Film review: Political thriller Leave No Traces is a multi-layered affair
Leave No Traces
★★★★☆
Based on historical events, Leave No Traces (15A) is a political thriller set in Communist Poland during the 1980s.
When student Grzegorz Przemyk (Mateusz Górski) is brutally beaten in a police station, and subsequently dies of his injuries, the only witness is his friend Jurek (Tomasz Zietek). With Pope John Paul II due to visit Poland, the authorities try to hush up the circumstances around Grzegorz’s death, not least because Grzegorz is the son of the Solidarity activist Barbara Sadowska (Sandra Korzeniak). Soon Jurek becomes the most wanted man in Poland, as the State brings the full weight of its resources to bear on suppressing the truth by any means necessary.

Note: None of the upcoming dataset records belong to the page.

(* For $a=(a_0,\dots,a_{d-1})\in\mathbb{R}^d$ let $P(X)=X^d+\sum_{i=0}^{d-1}a_iX^i$, and let $\Gamma$ be the symmetric bilinear first-order differential operator on functions of $a$ (i.e. $\Gamma(f,g)=\sum_{i,j}\Gamma(a_i,a_j)\partial_{a_i}f\,\partial_{a_j}g$) determined by $$\sum_{i,j}X^iY^j\,\Gamma(a_i,a_j)=\frac{1}{Y-X}\big(P'(X)P(Y)-P'(Y)P(X)\big).$$ Let $\mathrm{disc}(P)$ denote the discriminant of $P$, a polynomial in $a$ which equals $\prod_{i<j}(x_j-x_i)^2$ when $x_1,\dots,x_d$ are the roots of $P$. Then, wherever $\mathrm{disc}(P)\neq0$, $$\Gamma\big(P(X),\log\mathrm{disc}(P)\big)=-P''(X),$$ where $\Gamma(f,\log g)$ means $\Gamma(f,g)/g$. *)

theory Defs
  imports "HOL-Analysis.Analysis" "HOL-Computational_Algebra.Polynomial"
begin

definition Pol :: "nat \<Rightarrow> (nat \<Rightarrow> real) \<Rightarrow> real poly" where
  "Pol d a = monom 1 d + (\<Sum>i<d. monom (a i) i)"

definition roots_list :: "nat \<Rightarrow> (nat \<Rightarrow> real) \<Rightarrow> complex list" where
  "roots_list d a = (SOME xs. length xs = d \<and>
      map_poly complex_of_real (Pol d a) = (\<Prod>x\<leftarrow>xs. [:-x, 1:]))"

definition disc :: "nat \<Rightarrow> (nat \<Rightarrow> real) \<Rightarrow> real" where
  "disc d a = Re (let xs = roots_list d a in
      \<Prod>j<d. \<Prod>i<j. (xs ! j - xs ! i)^2)"

definition disc_partial :: "nat \<Rightarrow> (nat \<Rightarrow> real) \<Rightarrow> nat \<Rightarrow> real" where
  "disc_partial d a j = deriv (\<lambda>t. disc d (a(j := t))) (a j)"

end

theory Submission
  imports Defs "HOL-Complex_Analysis.Complex_Analysis"
    "HOL-Computational_Algebra.Fundamental_Theorem_Algebra"
begin

text \<open>
  Over \<open>\<complex>\<close>, the discriminant of the monic polynomial \<open>P\<close> is, up to the sign
  \<open>(-1)^(d(d-1)/2)\<close>, the product of \<open>P'(x)\<close> over its roots \<open>x\<close>. If it is nonzero the roots
  are simple, so under a perturbation \<open>P + w Q\<close> each root moves holomorphically in \<open>w\<close> with
  velocity \<open>-Q(x)/P'(x)\<close> (local inverse of \<open>z \<mapsto> -P(z)/Q(z)\<close>), and the logarithmic derivative of
  the discriminant in direction \<open>Q\<close> is \<open>\<Sum>\<^sub>x (Q/P')'(x)\<close>. This is linear in \<open>Q\<close>, so
  \<open>\<Gamma>(P(X), log disc)\<close> is the same sum for \<open>Q = K\<close>, where \<open>K(Y) = \<Gamma>(P(X), P(Y))\<close> satisfies
  \<open>(Y - X) K(Y) = P'(X) P(Y) - P'(Y) P(X)\<close>. Evaluating this identity and its derivative at a
  root \<open>x\<close> gives \<open>(K/P')'(x) = P(X)/(X - x)^2 - P'(X)/(X - x)\<close>, and the partial fraction
  expansions of \<open>P'/P\<close> and \<open>(P'/P)'\<close> sum this to \<open>-P''(X)\<close>. This proves the identity for \<open>X\<close>
  off the roots of \<open>P\<close>; both sides are polynomials in \<open>X\<close>, so it holds everywhere.
\<close>

lemma poly_map_poly_of_real:
  "poly (map_poly of_real p) (of_real x) = (of_real (poly p x) :: 'a::real_field)"
  by (induction p) (auto simp: map_poly_pCons)

lemma pderiv_map_poly_of_real:
  "pderiv (map_poly of_real p) = (map_poly of_real (pderiv p) :: 'a::real_field poly)"
  by (rule poly_eqI) (simp add: coeff_pderiv coeff_map_poly)

lemma complex_poly_eqI_on_reals:
  fixes p q :: "complex poly"
  assumes "\<And>x::real. poly p (of_real x) = poly q (of_real x)"
  shows "p = q"
proof (rule ccontr)
  assume "p \<noteq> q"
  then have "finite {z. poly (p - q) z = 0}" by (intro poly_roots_finite) simp
  moreover have "range complex_of_real \<subseteq> {z. poly (p - q) z = 0}" using assms by auto
  moreover have "infinite (range complex_of_real)"
    using finite_imageD[OF _ inj_of_real] infinite_UNIV_char_0 by auto
  ultimately show False using finite_subset by blast
qed

lemma poly_eqI_off_roots:
  fixes p q r :: "'a::{idom, ring_char_0} poly"
  assumes "r \<noteq> 0" and "\<And>x. poly r x \<noteq> 0 \<Longrightarrow> poly p x = poly q x"
  shows "p = q"
proof -
  have "poly ((p - q) * r) x = 0" for x using assms(2)[of x] by auto
  then have "(p - q) * r = 0" using poly_all_0_iff_0 by blast
  then show ?thesis using assms(1) by simp
qed

lemma proots_prod_list_linear_factors: "proots (\<Prod>x\<leftarrow>xs. [:-x, 1:]) = mset (xs :: 'a::idom list)"
proof (induction xs)
  case (Cons x xs)
  have "(\<Prod>x\<leftarrow>xs. [:-x, 1:]) \<noteq> 0" by (auto simp: prod_list_zero_iff)
  then show ?case
    using Cons.IH by (simp add: proots_mult del: mult_pCons_left)
qed simp

lemma proots_rsquarefree:
  assumes "rsquarefree p"
  shows "proots p = mset_set {x. poly p x = 0}"
proof -
  have "p \<noteq> 0" using assms by (simp add: rsquarefree_def)
  show ?thesis
  proof (rule multiset_eqI)
    fix x
    show "count (proots p) x = count (mset_set {x. poly p x = 0}) x"
      using assms \<open>p \<noteq> 0\<close>
      by (cases "poly p x = 0") (auto simp: poly_roots_finite rsquarefree_root_order order_0I)
  qed
qed

lemma proots_eq_image_mset:
  fixes p :: "'a::idom poly"
  assumes "finite S" and "inj_on y S" and "\<And>x. x \<in> S \<Longrightarrow> poly p (y x) = 0"
    and "p \<noteq> 0" and "degree p \<le> card S"
  shows "proots p = image_mset y (mset_set S)"
proof -
  have M: "image_mset y (mset_set S) = mset_set (y ` S)"
    using assms(2) by (rule image_mset_mset_set)
  have sub: "mset_set (y ` S) \<subseteq># proots p"
  proof (rule mset_subset_eqI)
    fix v
    show "count (mset_set (y ` S)) v \<le> count (proots p) v"
      using assms(1,3,4)
      by (cases "v \<in> y ` S") (auto simp: count_mset_set order_root Suc_leI)
  qed
  have "size (proots p) \<le> size (mset_set (y ` S))"
    using size_proots_le[of p] assms(2,5) by (simp add: card_image)
  then show ?thesis
    using sub M by (metis mset_subset_size not_less subset_mset.le_imp_less_or_eq)
qed

lemma poly_pderiv_prod_linear_factors_at_root:
  fixes x :: "nat \<Rightarrow> 'a::idom"
  assumes "k < n"
  shows "poly (pderiv (\<Prod>i<n. [:-x i, 1:])) (x k) = (\<Prod>i\<in>{..<n}-{k}. x k - x i)"
proof -
  have "poly (pderiv (\<Prod>i<n. [:-x i, 1:])) (x k) = (\<Sum>l<n. \<Prod>i\<in>{..<n}-{l}. x k - x i)"
    by (simp add: pderiv_prod poly_sum poly_prod pderiv_pCons)
  also have "\<dots> = (\<Prod>i\<in>{..<n}-{k}. x k - x i)"
    using assms by (subst sum.remove[of _ k]) (auto intro!: sum.neutral simp: prod_zero_iff)
  finally show ?thesis .
qed

lemma prod_differences_off_diagonal:
  fixes x :: "nat \<Rightarrow> 'a::idom"
  shows "(\<Prod>k<n. \<Prod>i\<in>{..<n}-{k}. x k - x i)
    = (-1) ^ (n * (n - 1) div 2) * (\<Prod>j<n. \<Prod>i<j. (x j - x i)^2)"
proof (induction n)
  case (Suc n)
  have "(\<Prod>k<n. \<Prod>i\<in>{..<Suc n}-{k}. x k - x i)
      = (\<Prod>k<n. (x k - x n) * (\<Prod>i\<in>{..<n}-{k}. x k - x i))"
  proof (intro prod.cong refl)
    fix k assume "k \<in> {..<n}"
    then have "{..<Suc n} - {k} = insert n ({..<n} - {k})" by auto
    then show "(\<Prod>i\<in>{..<Suc n}-{k}. x k - x i) = (x k - x n) * (\<Prod>i\<in>{..<n}-{k}. x k - x i)"
      by simp
  qed
  then have "(\<Prod>k<Suc n. \<Prod>i\<in>{..<Suc n}-{k}. x k - x i)
      = (\<Prod>k<n. (x k - x n) * (\<Prod>i\<in>{..<n}-{k}. x k - x i)) * (\<Prod>i<n. x n - x i)"
    by (simp add: lessThan_Suc)
  also have "(\<Prod>k<n. x k - x n) = (-1) ^ n * (\<Prod>k<n. x n - x k)"
    using prod.distrib[of "\<lambda>_. -1" "\<lambda>k. x n - x k" "{..<n}"] by simp
  then have "(\<Prod>k<n. (x k - x n) * (\<Prod>i\<in>{..<n}-{k}. x k - x i)) * (\<Prod>i<n. x n - x i)
      = (\<Prod>k<n. \<Prod>i\<in>{..<n}-{k}. x k - x i) * ((-1) ^ n * (\<Prod>i<n. (x n - x i)^2))"
    by (simp add: prod.distrib power2_eq_square)
  also have "Suc n * (Suc n - 1) div 2 = n * (n - 1) div 2 + n"
    by (cases n) (simp_all add: algebra_simps)
  then have "(\<Prod>k<n. \<Prod>i\<in>{..<n}-{k}. x k - x i) * ((-1) ^ n * (\<Prod>i<n. (x n - x i)^2))
      = (-1) ^ (Suc n * (Suc n - 1) div 2) * (\<Prod>j<Suc n. \<Prod>i<j. (x j - x i)^2)"
    by (simp add: Suc.IH power_add)
  finally show ?case .
qed simp

lemma poly_pderiv_prod_linear_factors:
  fixes S :: "'a::field set"
  assumes "finite S" and "z \<notin> S"
  shows "poly (pderiv (\<Prod>x\<in>S. [:-x, 1:])) z = poly (\<Prod>x\<in>S. [:-x, 1:]) z * (\<Sum>x\<in>S. 1 / (z - x))"
  using assms
proof (induction S rule: finite_induct)
  case (insert y S)
  define R where "R = (\<Prod>x\<in>S. [:-x, 1:])"
  have "z - y \<noteq> 0" using insert by auto
  have "poly (pderiv (\<Prod>x\<in>insert y S. [:-x, 1:])) z = poly R z + (z - y) * poly (pderiv R) z"
    using insert by (simp add: R_def pderiv_mult pderiv_pCons algebra_simps del: mult_pCons_left)
  also have "\<dots> = poly (\<Prod>x\<in>insert y S. [:-x, 1:]) z * (\<Sum>x\<in>insert y S. 1 / (z - x))"
    using insert \<open>z - y \<noteq> 0\<close> by (simp add: R_def field_simps)
  finally show ?case .
qed simp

Jan P Matuszynski’s film is a multi-layered affair that explores the killing of Grzegorz Przemyk from a number of angles, which include the desperate attempts by General Czeslaw Kisczak (Robert Wieckiewicz) to enact a cover-up.
Jurek is the ostensible hero of the piece, but it’s when we see the story through the authorities’ eyes that the film is at its most fascinating, as their increasingly ridiculous attempts to shunt the blame onto anyone except the guilty parties results in a fact-mangling cat’s cradle worthy of Kafka and Orwell at their most absurd.